If these adjectives are true, why do increasing numbers of tourists want to see Easter Island for themselves? Most people already know the answer to that question: because of those huge and mysterious statues that line the coasts! Like the pyramids of Egypt and Teotihuacan, like the temples of Angkor Wat, like the City of Chan Chan, the "moai" draw people because of their mystery. How were they built, how did Stone Age people carve those enormous statues and then move them miles away from the quarries?

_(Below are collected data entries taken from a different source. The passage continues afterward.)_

lemma behaviour_of_bool_nonzero_bsr:
  fixes \<sigma> :: "nat \<Rightarrow> 'c \<Rightarrow> nat \<Rightarrow> bsr"
  assumes "finite Q" "reversible Q Alph \<sigma>" "\<exists>!q. q \<in> Q \<and> \<iota> q \<noteq> 0" "w \<in> lists Alph"
  shows "behaviour Q (\<lambda>p a q. of_bool (\<sigma> p a q \<noteq> 0)) (\<lambda>q. of_bool (\<iota> q \<noteq> 0))
           (\<lambda>q. of_bool (\<tau> q \<noteq> 0)) w
         = (of_bool (behaviour Q \<sigma> \<iota> \<tau> w \<noteq> 0) :: 'b::semiring_1)"
proof -
  have "card (accepting_runs Q \<sigma> \<iota> \<tau> w) \<le> 1"
    using card_accepting_runs_le_one[OF assms] .
  moreover have "behaviour Q \<sigma> \<iota> \<tau> w \<noteq> 0 \<longleftrightarrow> card (accepting_runs Q \<sigma> \<iota> \<tau> w) \<noteq> 0"
    by (simp add: behaviour_bsr_eq_zero_iff[OF \<open>finite Q\<close>] finite_accepting_runs[OF \<open>finite Q\<close>])
  ultimately show ?thesis
    by (auto simp: behaviour_of_bool_nonzero[OF \<open>finite Q\<close>] le_Suc_eq)
qed

lemma char_series_supp_in_Rev1:
  fixes r :: "'c list \<Rightarrow> bsr"
  assumes "r \<in> Rev1 Alph"
  shows "(char_series Alph (supp r) :: 'c list \<Rightarrow> 'a::semiring_1) \<in> Rev1 Alph"
proof -
  obtain Q \<sigma> \<iota> \<tau> where "is_wa Q Alph" and rev: "reversible Q Alph \<sigma>"
    and ini: "\<exists>!q. q \<in> Q \<and> \<iota> q \<noteq> 0" and beh: "\<forall>w \<in> lists Alph. r w = behaviour Q \<sigma> \<iota> \<tau> w"
    using assms unfolding Rev1_def by blast
  have "finite Q"
    using \<open>is_wa Q Alph\<close> by (simp add: is_wa_def)
  show ?thesis
    unfolding Rev1_def
  proof (intro CollectI conjI exI)
    show "is_series Alph (char_series Alph (supp r) :: 'c list \<Rightarrow> 'a)"
      by (simp add: is_series_def char_series_def)
    show "is_wa Q Alph" by fact
    show "reversible Q Alph (\<lambda>p a q. of_bool (\<sigma> p a q \<noteq> 0) :: 'a)"
      using rev by (simp add: reversible_of_bool_nonzero)
    show "\<exists>!q. q \<in> Q \<and> (of_bool (\<iota> q \<noteq> 0) :: 'a) \<noteq> 0"
      using ini by simp
    show "\<forall>w \<in> lists Alph. (char_series Alph (supp r) w :: 'a)
            = behaviour Q (\<lambda>p a q. of_bool (\<sigma> p a q \<noteq> 0)) (\<lambda>q. of_bool (\<iota> q \<noteq> 0))
                (\<lambda>q. of_bool (\<tau> q \<noteq> 0)) w"
      using beh by (simp add: behaviour_of_bool_nonzero_bsr[OF \<open>finite Q\<close> rev ini]
          char_series_def supp_def)
  qed
qed

lemma RevL1_subset_lists: "L \<in> RevL1 T Alph \<Longrightarrow> L \<subseteq> lists Alph"
  by (auto simp: RevL1_def Rev1_def is_series_def supp_def)

lemma supp_char_series:
  "L \<subseteq> lists Alph \<Longrightarrow> supp (char_series Alph L :: 'c list \<Rightarrow> 'a::semiring_1) = L"
  by (auto simp: supp_def char_series_def)

lemma char_series_in_Rev1:
  "L \<in> RevL1 TYPE(bsr) Alph \<Longrightarrow> (char_series Alph L :: 'c list \<Rightarrow> 'a::semiring_1) \<in> Rev1 Alph"
  by (auto simp: RevL1_def intro: char_series_supp_in_Rev1)

lemma RevL1_bsr_subset:
  fixes Alph :: "'c set"
  shows "RevL1 TYPE(bsr) Alph \<subseteq> RevL1 TYPE('a::semiring_1) Alph"
proof
  fix L
  assume L: "L \<in> RevL1 TYPE(bsr) Alph"
  have "L = supp (char_series Alph L :: 'c list \<Rightarrow> 'a)"
    by (rule supp_char_series[OF RevL1_subset_lists[OF L], symmetric])
  with char_series_in_Rev1[OF L] show "L \<in> RevL1 TYPE('a) Alph"
    by (auto simp: RevL1_def)
qed

theorem proposition3:
  fixes Alph :: "'c set" and L :: "'c list set"
  assumes "finite Alph" and "Alph \<noteq> {}"
    and "L \<in> RevL1 TYPE(bsr) Alph"
  shows "(char_series Alph L :: 'c list \<Rightarrow> 'a::semiring_1) \<in> Rev1 Alph
         \<and> L \<in> RevL1 TYPE('a) Alph
         \<and> RevL1 TYPE(bsr) Alph \<subseteq> RevL1 TYPE('a) Alph"
  using char_series_in_Rev1[OF assms(3)] RevL1_bsr_subset assms(3) by blast

end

When we read a brochure from our favorite travel company (Zegrahm) about a trip along the West Coast of South America, we were intrigued but somewhat dubious until we understood that it would include a side trip to Easter Island. Then we signed up right away. All those pictures of the grave and pensive moai we had ever seen came flooding back into memory. We wanted to probe the mystery of the island for ourselves, just like so many before us. Human beings can be as curious as cats are supposed to be. We all like a mystery, don't we?
THE PHYSICAL ISLAND
Triangular in shape, Easter Island is the progeny of the three volcanoes that formed it as they rose from the sea bottom towards the surface some 750,000 years ago. They are all considered dormant now; the most recent eruption is 100,000 years in the past. The island is 15.3 miles long and 7.6 miles wide and it comprises 63 square miles. There are three freshwater crater lakes but no permanent rivers or streams. The land rises from sea level to 1663 ft. It is 2182 miles away from mainland Chile of which it is a Special Territory.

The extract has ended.